──────── Extracted entries
(* Let $\mathcal{X}$ be a finite set with symmetric nonnegative weights $(w_{x,x'})$ summing to $1$, with $w_x:=\sum_{x'}w_{x,x'}>0$ for all $x$. Let $\boldsymbol{T}=(\tau_{x,x'})$ be a matrix of positive temperatures. For $f:\mathcal{X}\to\mathbb{R}^k$, define the temperature scaling loss $$\mathcal{L}_{\mathrm{T}}(f)=-2\sum_{x,x'}w_{x,x'}\frac{f(x)^\top f(x')}{\tau_{x,x'}}+\sum_{x,x'}w_xw_{x'}\Big[\frac{f(x)^\top f(x')}{\tau_{x,x'}}\Big]^2 .$$ Let $\boldsymbol{A}=(w_{x,x'})$, $\boldsymbol{D}=\mathrm{diag}(w_x)$, $\bar{\boldsymbol{A}}=\boldsymbol{D}^{-1/2}\boldsymbol{A}\boldsymbol{D}^{-1/2}$, and let $F$ be the matrix with rows $\sqrt{w_x}f(x)^\top$. Then there is a constant $C$, independent of $f$, such that for all $f$ $$\mathcal{L}_{\mathrm{T}}(f)=\|\boldsymbol{T}\odot\bar{\boldsymbol{A}}-FF^\top\|_{wF}^2+C .$$ In particular, minimizing $\mathcal{L}_{\mathrm{T}}$ over $f$ is equivalent to minimizing $\|\boldsymbol{T}\odot\bar{\boldsymbol{A}}-FF^\top\|_{wF}^2$ over $F$.
   Context: $\odot$ denotes the entrywise product. The weighted Frobenius norm is defined by $\|\boldsymbol{B}\|_{wF}^2=\sum_{x,x'}b_{x,x'}^2/\tau_{x,x'}^2$ for $\boldsymbol{B}=(b_{x,x'})$. *)

theory Defs
  imports "HOL-Analysis.Analysis"
begin

definition wdeg :: "('x::finite \<Rightarrow> 'x \<Rightarrow> real) \<Rightarrow> 'x \<Rightarrow> real" where
  "wdeg w x = (\<Sum>x'\<in>UNIV. w x x')"

definition temp_loss ::
  "('x::finite \<Rightarrow> 'x \<Rightarrow> real) \<Rightarrow> ('x \<Rightarrow> 'x \<Rightarrow> real) \<Rightarrow> ('x \<Rightarrow> real^'k) \<Rightarrow> real" where
  "temp_loss w tau f =
     - 2 * (\<Sum>x\<in>UNIV. \<Sum>x'\<in>UNIV. w x x' * ((f x \<bullet> f x') / tau x x'))
     + (\<Sum>x\<in>UNIV. \<Sum>x'\<in>UNIV. wdeg w x * wdeg w x' * ((f x \<bullet> f x') / tau x x')\<^sup>2)"

definition adj_mat :: "('x::finite \<Rightarrow> 'x \<Rightarrow> real) \<Rightarrow> real^'x^'x" where
  "adj_mat w = (\<chi> i j. w i j)"

definition temp_mat :: "('x::finite \<Rightarrow> 'x \<Rightarrow> real) \<Rightarrow> real^'x^'x" where
  "temp_mat tau = (\<chi> i j. tau i j)"

definition deg_inv_sqrt :: "('x::finite \<Rightarrow> 'x \<Rightarrow> real) \<Rightarrow> real^'x^'x" where
  "deg_inv_sqrt w = (\<chi> i j. if i = j then 1 / sqrt (wdeg w i) else 0)"

definition norm_adj :: "('x::finite \<Rightarrow> 'x \<Rightarrow> real) \<Rightarrow> real^'x^'x" where
  "norm_adj w = deg_inv_sqrt w ** adj_mat w ** deg_inv_sqrt w"

definition emb_mat :: "('x::finite \<Rightarrow> 'x \<Rightarrow> real) \<Rightarrow> ('x \<Rightarrow> real^'k) \<Rightarrow> real^'k^'x" where
  "emb_mat w f = (\<chi> x. sqrt (wdeg w x) *\<^sub>R f x)"

definition hadamard :: "real^'n^'m \<Rightarrow> real^'n^'m \<Rightarrow> real^'n^'m" where
  "hadamard A B = (\<chi> i j. A $ i $ j * B $ i $ j)"

definition wF_norm_sq :: "('x::finite \<Rightarrow> 'x \<Rightarrow> real) \<Rightarrow> real^'x^'x \<Rightarrow> real" where
  "wF_norm_sq tau B = (\<Sum>x\<in>UNIV. \<Sum>x'\<in>UNIV. (B $ x $ x')\<^sup>2 / (tau x x')\<^sup>2)"

end

theory Submission
  imports Defs
begin

text \<open>Divided by \<open>\<tau>\<^sub>x\<^sub>x\<^sub>'\<close>, the \<open>(x, x')\<close> entry of the residual
  \<open>T \<odot> norm_adj w - F F\<^sup>T\<close> is
  \<open>w\<^sub>x\<^sub>x\<^sub>' / sqrt (w\<^sub>x w\<^sub>x\<^sub>') - sqrt (w\<^sub>x w\<^sub>x\<^sub>') f(x)\<^sup>T f(x') / \<tau>\<^sub>x\<^sub>x\<^sub>'\<close>:
  the temperature cancels in the first term. Its square is \<open>w\<^sub>x\<^sub>x\<^sub>'\<^sup>2 / (w\<^sub>x w\<^sub>x\<^sub>')\<close>,
  which does not depend on \<open>f\<close>, plus exactly the two summands of the loss at \<open>(x, x')\<close>.\<close>

lemma norm_adj_nth:
  "norm_adj w $ i $ j = w i j / (sqrt (wdeg w i) * sqrt (wdeg w j))"
  unfolding norm_adj_def deg_inv_sqrt_def adj_mat_def matrix_matrix_mult_def
  by (simp add: if_distrib if_distribR sum.delta cong: if_cong)

lemma emb_mat_gram_nth:
  "(emb_mat w f ** transpose (emb_mat w f)) $ i $ j
     = sqrt (wdeg w i) * sqrt (wdeg w j) * (f i \<bullet> f j)"
  unfolding emb_mat_def matrix_matrix_mult_def transpose_def inner_vec_def
  by (simp add: sum_distrib_left algebra_simps)

lemma scaled_residual_square_expand:
  fixes s t T a g :: real
  assumes "s \<noteq> 0" "t \<noteq> 0" "T \<noteq> 0"
  shows "(T * (a / (s * t)) - s * t * g)\<^sup>2 / T\<^sup>2
     = a\<^sup>2 / (s\<^sup>2 * t\<^sup>2) - 2 * (a * (g / T)) + s\<^sup>2 * t\<^sup>2 * (g / T)\<^sup>2"
  using assms by (simp add: field_simps power2_eq_square)

lemma temp_residual_nth_square:
  fixes f :: "'x::finite \<Rightarrow> real^'k"
  assumes "wdeg w x > 0" "wdeg w x' > 0" "tau x x' \<noteq> 0"
  shows "((hadamard (temp_mat tau) (norm_adj w)
            - emb_mat w f ** transpose (emb_mat w f)) $ x $ x')\<^sup>2 / (tau x x')\<^sup>2
    = (w x x')\<^sup>2 / (wdeg w x * wdeg w x') - 2 * (w x x' * ((f x \<bullet> f x') / tau x x'))
      + wdeg w x * wdeg w x' * ((f x \<bullet> f x') / tau x x')\<^sup>2"
proof -
  have "(hadamard (temp_mat tau) (norm_adj w)
            - emb_mat w f ** transpose (emb_mat w f)) $ x $ x'
      = tau x x' * (w x x' / (sqrt (wdeg w x) * sqrt (wdeg w x')))
        - sqrt (wdeg w x) * sqrt (wdeg w x') * (f x \<bullet> f x')"
    by (simp add: hadamard_def temp_mat_def norm_adj_nth emb_mat_gram_nth)
  then show ?thesis
    using assms scaled_residual_square_expand
      [of "sqrt (wdeg w x)" "sqrt (wdeg w x')" "tau x x'" "w x x'" "f x \<bullet> f x'"]
    by simp
qed

lemma temp_loss_eq_wF_norm_sq:
  fixes f :: "'x::finite \<Rightarrow> real^'k"
  assumes "\<And>x. wdeg w x > 0" "\<And>x x'. tau x x' \<noteq> 0"
  shows "temp_loss w tau f
    = wF_norm_sq tau (hadamard (temp_mat tau) (norm_adj w)
                        - emb_mat w f ** transpose (emb_mat w f))
      - (\<Sum>x\<in>UNIV. \<Sum>x'\<in>UNIV. (w x x')\<^sup>2 / (wdeg w x * wdeg w x'))"
  unfolding wF_norm_sq_def temp_loss_def
  by (simp only: temp_residual_nth_square assms not_False_eq_True)
    (simp add: sum.distrib sum_subtractf sum_distrib_left sum_negf)

theorem theorem5:
  fixes w tau :: "'x::finite \<Rightarrow> 'x \<Rightarrow> real"
  assumes sym: "\<And>x x'. w x x' = w x' x"
    and nonneg: "\<And>x x'. w x x' \<ge> 0"
    and sum1: "(\<Sum>x\<in>UNIV. \<Sum>x'\<in>UNIV. w x x') = 1"
    and deg_pos: "\<And>x. wdeg w x > 0"
    and tau_pos: "\<And>x x'. tau x x' > 0"
  shows "\<exists>C::real. \<forall>f :: 'x \<Rightarrow> real^'k.
           temp_loss w tau f =
             wF_norm_sq tau (hadamard (temp_mat tau) (norm_adj w)
                              - emb_mat w f ** transpose (emb_mat w f)) + C"
proof -
  have tau_nonzero: "tau x x' \<noteq> 0" for x x'
    using tau_pos[of x x'] by simp
  show ?thesis
    by (rule exI[of _ "- (\<Sum>x\<in>UNIV. \<Sum>x'\<in>UNIV. (w x x')\<^sup>2 / (wdeg w x * wdeg w x'))"])
      (simp add: temp_loss_eq_wF_norm_sq[OF deg_pos tau_nonzero])
qed

end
────────────────
Task statement:
All lines above from the one with "(\<chi> i j. w" to the one with "(\<chi> i j. if", inclusive, should be copied exactly, and no other lines.

Written answer:
  "adj_mat w = (\<chi> i j. w i j)"

definition temp_mat :: "('x::finite \<Rightarrow> 'x \<Rightarrow> real) \<Rightarrow> real^'x^'x" where
  "temp_mat tau = (\<chi> i j. tau i j)"

definition deg_inv_sqrt :: "('x::finite \<Rightarrow> 'x \<Rightarrow> real) \<Rightarrow> real^'x^'x" where
  "deg_inv_sqrt w = (\<chi> i j. if i = j then 1 / sqrt (wdeg w i) else 0)"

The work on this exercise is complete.